Many of the divorcing couples I see tell me they tried marriage counseling, and it was a waste of their time and money. However, when you look a little deeper, it's easy to see why the counseling was not successful. The reasons for failure include:
a) Some couples who say they've had "a lot" of counseling have actually seen three or four different counselors, two or three times each. But it takes time time build a trusting relationship with a counselor, especially if the counselor needs to tell each person about his and her shortcomings.
b) Some couples wanted a quick fix, instant gratification. But it takes more than a month or two to unlearn bad habits, and it also takes time to learn new, useful habits. People seeking marriage counseling should expect months of intense, weekly counseling tapering off to monthly, and even after they've completed counseling, they should expect to return from time to time to take a refresher course.
c) Some couples expected the counselor would do the work, and they could be passive observers. But counseling is hard work for the participants. It's the counselors who sit back, watch, and listen as the participants practice new skills and techniques of talking and listening to each other. It is an exhausting and often frustrating but worthwhile effort.
d) Some couples wanted to change one another. But none of us has the power to change someone else, and counseling won't change anyone who doesn't want to change. The reason to participate in counseling is for each to voluntarily change him or herself, even if it's only changing the way each one reacts to the other.

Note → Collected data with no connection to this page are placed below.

(* Every finite-dimensional admissible Poisson algebra $(\mathcal{P},\cdot)$ which is not a nilalgebra contains a principal idempotent, i.e. a non-zero idempotent $e$ such that there is no non-zero idempotent $u$ with $u\cdot e=e\cdot u=0$.
   Context: $\mathbb{K}$ is a field of characteristic different from $2$ and $3$. Associator: $A(X,Y,Z)=(X\cdot Y)\cdot Z-X\cdot(Y\cdot Z)$. An admissible Poisson algebra is a $\mathbb{K}$-vector space $\mathcal{P}$ with a bilinear product $\cdot$ satisfying $3A(X,Y,Z)=(X\cdot Z)\cdot Y+(Y\cdot Z)\cdot X-(Y\cdot X)\cdot Z-(Z\cdot X)\cdot Y$ for all $X,Y,Z$. Idempotent: $e\cdot e=e$. Powers: $X^1=X$, $X^{i+1}=X\cdot X^i$; $\mathcal{P}$ is a nilalgebra if every $X$ satisfies $X^r=0$ for some $r$. *)

theory Defs
  imports Complex_Main
begin

definition assoc :: "('v \<Rightarrow> 'v \<Rightarrow> 'v) \<Rightarrow> 'v \<Rightarrow> 'v \<Rightarrow> 'v \<Rightarrow> 'v::ab_group_add" where
  "assoc mult x y z = mult (mult x y) z - mult x (mult y z)"

definition fin_dim :: "('k::field \<Rightarrow> 'v::ab_group_add \<Rightarrow> 'v) \<Rightarrow> bool" where
  "fin_dim scale \<longleftrightarrow> (\<exists>B. finite B \<and> module.span scale B = UNIV)"

definition bilinear_prod :: "('k::field \<Rightarrow> 'v::ab_group_add \<Rightarrow> 'v) \<Rightarrow> ('v \<Rightarrow> 'v \<Rightarrow> 'v) \<Rightarrow> bool" where
  "bilinear_prod scale mult \<longleftrightarrow>
     (\<forall>x. Vector_Spaces.linear scale scale (mult x)) \<and>
     (\<forall>y. Vector_Spaces.linear scale scale (\<lambda>x. mult x y))"

definition admissible_poisson :: "('k::field \<Rightarrow> 'v::ab_group_add \<Rightarrow> 'v) \<Rightarrow> ('v \<Rightarrow> 'v \<Rightarrow> 'v) \<Rightarrow> bool" where
  "admissible_poisson scale mult \<longleftrightarrow>
     vector_space scale \<and> bilinear_prod scale mult \<and>
     (\<forall>x y z. scale 3 (assoc mult x y z) =
        mult (mult x z) y + mult (mult y z) x - mult (mult y x) z - mult (mult z x) y)"

text \<open>Powers: pw mult x 1 = x, pw mult x (i+1) = x * pw mult x i (pw mult x 0 is unused).\<close>
fun pw :: "('v \<Rightarrow> 'v \<Rightarrow> 'v) \<Rightarrow> 'v \<Rightarrow> nat \<Rightarrow> 'v::zero" where
  "pw mult x 0 = 0"
| "pw mult x (Suc 0) = x"
| "pw mult x (Suc (Suc n)) = mult x (pw mult x (Suc n))"

definition nilalgebra :: "('v::zero \<Rightarrow> 'v \<Rightarrow> 'v) \<Rightarrow> bool" where
  "nilalgebra mult \<longleftrightarrow> (\<forall>x. \<exists>r\<ge>1. pw mult x r = 0)"

definition idempotent :: "('v \<Rightarrow> 'v \<Rightarrow> 'v) \<Rightarrow> 'v \<Rightarrow> bool" where
  "idempotent mult e \<longleftrightarrow> mult e e = e"

definition principal_idempotent :: "('v::zero \<Rightarrow> 'v \<Rightarrow> 'v) \<Rightarrow> 'v \<Rightarrow> bool" where
  "principal_idempotent mult e \<longleftrightarrow> e \<noteq> 0 \<and> idempotent mult e \<and>
     \<not> (\<exists>u. u \<noteq> 0 \<and> idempotent mult u \<and> mult u e = 0 \<and> mult e u = 0)"

end

theory Submission
  imports Defs
begin

(* The symmetrised product x o y = (xy + yx)/2 of an admissible Poisson algebra is commutative
   and associative, and the commutator [x, y] = xy - yx is a derivation of it: three times each
   of these identities is a signed sum of instances of the defining identity. Hence [x, x^n] = 0,
   the powers of x for both products coincide, and the theorem reduces to finite-dimensional
   commutative associative algebras. There, for non-nilpotent x the principal ideals x^n P
   decrease and stabilise, so a = x^(m+1) lies in a^2 P, say a = a^2 y, and then e = a y is a
   non-zero idempotent. An idempotent e whose ideal e P has maximal dimension is principal: for
   an orthogonal idempotent u, e + u is idempotent and e P is contained in (e + u) P, so the two
   ideals coincide and u = e u = 0. *)

locale bilinear_algebra = vector_space scale
  for scale :: "'k::field \<Rightarrow> 'v::ab_group_add \<Rightarrow> 'v" +
  fixes mult :: "'v \<Rightarrow> 'v \<Rightarrow> 'v"
  assumes bilinear: "bilinear_prod scale mult"
begin

lemma linear_right: "module_hom scale scale (mult x)"
  using bilinear unfolding bilinear_prod_def by (simp add: module_hom_iff_linear)

lemma linear_left: "module_hom scale scale (\<lambda>y. mult y x)"
  using bilinear unfolding bilinear_prod_def by (simp add: module_hom_iff_linear)

lemmas mult_add_right = module_hom.add[OF linear_right]
  and mult_add_left = module_hom.add[OF linear_left]
  and mult_diff_right = module_hom.diff[OF linear_right]
  and mult_diff_left = module_hom.diff[OF linear_left]
  and mult_scale_right = module_hom.scale[OF linear_right]
  and mult_scale_left = module_hom.scale[OF linear_left]
  and mult_zero_right [simp] = module_hom.zero[OF linear_right]
  and mult_zero_left [simp] = module_hom.zero[OF linear_left]

lemmas mult_linear = mult_add_right mult_add_left mult_diff_right mult_diff_left
  mult_scale_right mult_scale_left

lemma subspace_range_mult: "subspace (range (mult a))"
  using module_hom.subspace_image[OF linear_right subspace_UNIV] .

end

locale comm_assoc_algebra = bilinear_algebra +
  assumes mult_commute: "mult x y = mult y x"
    and mult_assoc: "mult (mult x y) z = mult x (mult y z)"
begin

lemma pw_add:
  assumes "m \<ge> 1" and "n \<ge> 1"
  shows "pw mult x (m + n) = mult (pw mult x m) (pw mult x n)"
  using assms(1)
proof (induction m rule: dec_induct)
  case base
  then show ?case
    using assms(2) by (cases n) auto
next
  case (step m)
  then obtain k where "m = Suc k" by (cases m) auto
  then show ?case
    using step.IH by (simp add: mult_assoc)
qed

lemma range_mult_subset: "mult f e = e \<Longrightarrow> range (mult e) \<subseteq> range (mult f)"
  by (metis image_subset_iff mult_assoc rangeI)

lemma idempotent_mult_absorbs:
  assumes "idempotent mult e" and "v \<in> range (mult e)"
  shows "mult e v = v"
  using assms by (metis idempotent_def mult_assoc rangeE)

lemma idempotent_add_orthogonal:
  assumes "idempotent mult e" and "idempotent mult u" and "mult e u = 0"
  shows "idempotent mult (e + u)"
  using assms by (simp add: idempotent_def mult_add_left mult_add_right mult_commute[of u e])

lemma idempotent_if_mem_range_square:
  assumes a: "a \<in> range (mult (mult a a))" and "a \<noteq> 0"
  shows "\<exists>e. e \<noteq> 0 \<and> idempotent mult e"
proof -
  obtain y where y: "a = mult (mult a a) y"
    using a by blast
  define e where "e = mult a y"
  have "mult e e = mult (mult (mult a a) y) y"
    unfolding e_def by (metis mult_assoc mult_commute)
  then have "idempotent mult e"
    by (simp add: idempotent_def e_def flip: y)
  moreover have "mult a e = mult (mult a a) y"
    by (simp add: e_def mult_assoc)
  then have "mult a e = a"
    using y by simp
  then have "e \<noteq> 0"
    using \<open>a \<noteq> 0\<close> by auto
  ultimately show ?thesis
    by blast
qed

end

locale fd_comm_assoc_algebra =
  comm_assoc_algebra scale mult + finite_dimensional_vector_space scale Basis
  for scale :: "'k::field \<Rightarrow> 'v::ab_group_add \<Rightarrow> 'v" and mult and Basis
begin

lemma idempotent_if_not_nilpotent:
  assumes "\<forall>n\<ge>1. pw mult x n \<noteq> 0"
  shows "\<exists>e. e \<noteq> 0 \<and> idempotent mult e"
proof -
  define W where "W n = range (mult (pw mult x n))" for n
  obtain m where "m \<ge> 1"
    and m_min: "\<And>n. n \<ge> 1 \<Longrightarrow> dim (W m) \<le> dim (W n)"
    using ex_has_least_nat[of "\<lambda>n. n \<ge> 1" 1 "\<lambda>n. dim (W n)"] by auto
  have W_antimono: "W (m + k) \<subseteq> W m" if "k \<ge> 1" for k
  proof
    fix v assume "v \<in> W (m + k)"
    then obtain y where "v = mult (pw mult x (m + k)) y"
      unfolding W_def by blast
    then have "v = mult (pw mult x m) (mult (pw mult x k) y)"
      using \<open>m \<ge> 1\<close> that by (simp add: pw_add mult_assoc)
    then show "v \<in> W m"
      unfolding W_def by (rule range_eqI)
  qed
  define a where "a = pw mult x (m + 1)"
  have "a = mult (pw mult x m) (pw mult x 1)"
    unfolding a_def using \<open>m \<ge> 1\<close> by (rule pw_add) simp
  then have "a \<in> W m"
    unfolding W_def by (rule range_eqI)
  also have "W m = W (m + (m + 2))"
  proof (rule sym, rule subspace_dim_equal)
    show "W (m + (m + 2)) \<subseteq> W m" by (rule W_antimono) simp
    show "dim (W m) \<le> dim (W (m + (m + 2)))" by (rule m_min) simp
  qed (simp_all add: W_def subspace_range_mult)
  also have "W (m + (m + 2)) = range (mult (mult a a))"
    unfolding W_def a_def using \<open>m \<ge> 1\<close> by (simp add: pw_add[symmetric])
  finally show ?thesis
    using assms by (intro idempotent_if_mem_range_square) (auto simp: a_def)
qed

lemma principal_idempotent_exists:
  assumes "e\<^sub>0 \<noteq> 0" and "idempotent mult e\<^sub>0"
  shows "\<exists>e. principal_idempotent mult e"
proof -
  let ?Q = "\<lambda>e. e \<noteq> 0 \<and> idempotent mult e"
  have "\<forall>e. ?Q e \<longrightarrow> dim (range (mult e)) < Suc dimension"
    using dim_subset_UNIV by (simp add: less_Suc_eq_le)
  then obtain e where e: "?Q e"
    and e_max: "\<And>f. ?Q f \<Longrightarrow> dim (range (mult f)) \<le> dim (range (mult e))"
    using ex_has_greatest_nat[of ?Q e\<^sub>0 "\<lambda>e. dim (range (mult e))" "Suc dimension"]
      assms by blast
  have "u = 0" if u: "idempotent mult u" "mult u e = 0" "mult e u = 0" for u
  proof (rule ccontr)
    assume "u \<noteq> 0"
    have fe: "mult (e + u) e = e" and fu: "mult (e + u) u = u"
      using e u by (simp_all add: idempotent_def mult_add_left)
    have "e + u \<noteq> 0"
    proof
      assume "e + u = 0"
      with fu \<open>u \<noteq> 0\<close> show False by simp
    qed
    moreover have "idempotent mult (e + u)"
      using e u by (simp add: idempotent_add_orthogonal)
    ultimately have "dim (range (mult (e + u))) \<le> dim (range (mult e))"
      by (intro e_max conjI)
    then have "range (mult e) = range (mult (e + u))"
      by (rule subspace_dim_equal[OF subspace_range_mult subspace_range_mult
            range_mult_subset[OF fe]])
    moreover have "u \<in> range (mult (e + u))"
      using fu[symmetric] by (rule range_eqI)
    ultimately have "u \<in> range (mult e)"
      by simp
    then have "mult e u = u"
      using e by (blast intro: idempotent_mult_absorbs)
    with u \<open>u \<noteq> 0\<close> show False by simp
  qed
  with e show ?thesis
    unfolding principal_idempotent_def by blast
qed

end

lemma (in vector_space) finite_dimensional_if_fin_dim:
  assumes "fin_dim scale"
  obtains B where "finite_dimensional_vector_space scale B"
proof -
  obtain S where "finite S" and S: "span S = UNIV"
    using assms unfolding fin_dim_def by blast
  obtain B where "independent B" and B: "span B = UNIV"
    using basis_exists[of UNIV] by (metis span_UNIV subset_antisym top_greatest span_mono)
  have "finite B"
    using independent_span_bound[OF \<open>finite S\<close> \<open>independent B\<close>] S by blast
  with \<open>independent B\<close> B show ?thesis
    by (intro that) unfold_locales
qed

locale admissible_poisson_algebra = bilinear_algebra scale mult
  for scale :: "'k::field \<Rightarrow> 'v::ab_group_add \<Rightarrow> 'v" and mult +
  assumes admissible: "scale 3 (assoc mult x y z) =
      mult (mult x z) y + mult (mult y z) x - mult (mult y x) z - mult (mult z x) y"
    and two_neq_zero: "(2::'k) \<noteq> 0" and three_neq_zero: "(3::'k) \<noteq> 0"
begin

lemma scale_three: "scale 3 v = v + v + v"
proof -
  have "scale (1 + 1 + 1) v = v + v + v"
    by (simp only: scale_left_distrib scale_one)
  then show ?thesis by simp
qed

lemma three_torsion_free:
  fixes v :: 'v
  assumes "v + v + v = 0"
  shows "v = 0"
proof -
  have "scale 3 v = 0"
    using assms by (simp only: scale_three)
  with three_neq_zero show ?thesis
    by simp
qed

lemma half_double: "scale (inverse 2) (v + v) = v"
proof -
  have "v + v = scale 2 v"
    using scale_left_distrib[of 1 1 v] by simp
  then show ?thesis
    using two_neq_zero by simp
qed

definition admissible_defect :: "'v \<Rightarrow> 'v \<Rightarrow> 'v \<Rightarrow> 'v" where
  "admissible_defect x y z = scale 3 (assoc mult x y z) -
     (mult (mult x z) y + mult (mult y z) x - mult (mult y x) z - mult (mult z x) y)"

lemma admissible_defect_eq_0: "admissible_defect x y z = 0"
  by (simp add: admissible_defect_def admissible)

lemma anticommutator_assoc:
  "mult (mult x y + mult y x) z + mult z (mult x y + mult y x) =
   mult x (mult y z + mult z y) + mult (mult y z + mult z y) x"
proof -
  define D where "D = mult (mult x y + mult y x) z + mult z (mult x y + mult y x) -
      (mult x (mult y z + mult z y) + mult (mult y z + mult z y) x)"
  have "D + D + D = admissible_defect x y z + admissible_defect x z y
      - admissible_defect z x y - admissible_defect z y x"
    by (simp add: D_def admissible_defect_def assoc_def scale_three mult_linear algebra_simps)
  then have "D + D + D = 0"
    by (simp add: admissible_defect_eq_0)
  then have "D = 0"
    by (rule three_torsion_free)
  then show ?thesis
    by (simp add: D_def)
qed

e) Some couples wanted the counselor to make things the way they used to be, before they had marital strife. But going backwards won't work. What the couple once had didn't work, or they wouldn't be having problems. Counseling is about negotiating a new deal, a new way to interact and make decisions.
Divorcing couples who never even attempt to work it out with the help of counseling make me sad. They're throwing their marriages away without even trying. But divorcing couples who do try counseling need to be prepared to work hard, to be patient and to make and accept change.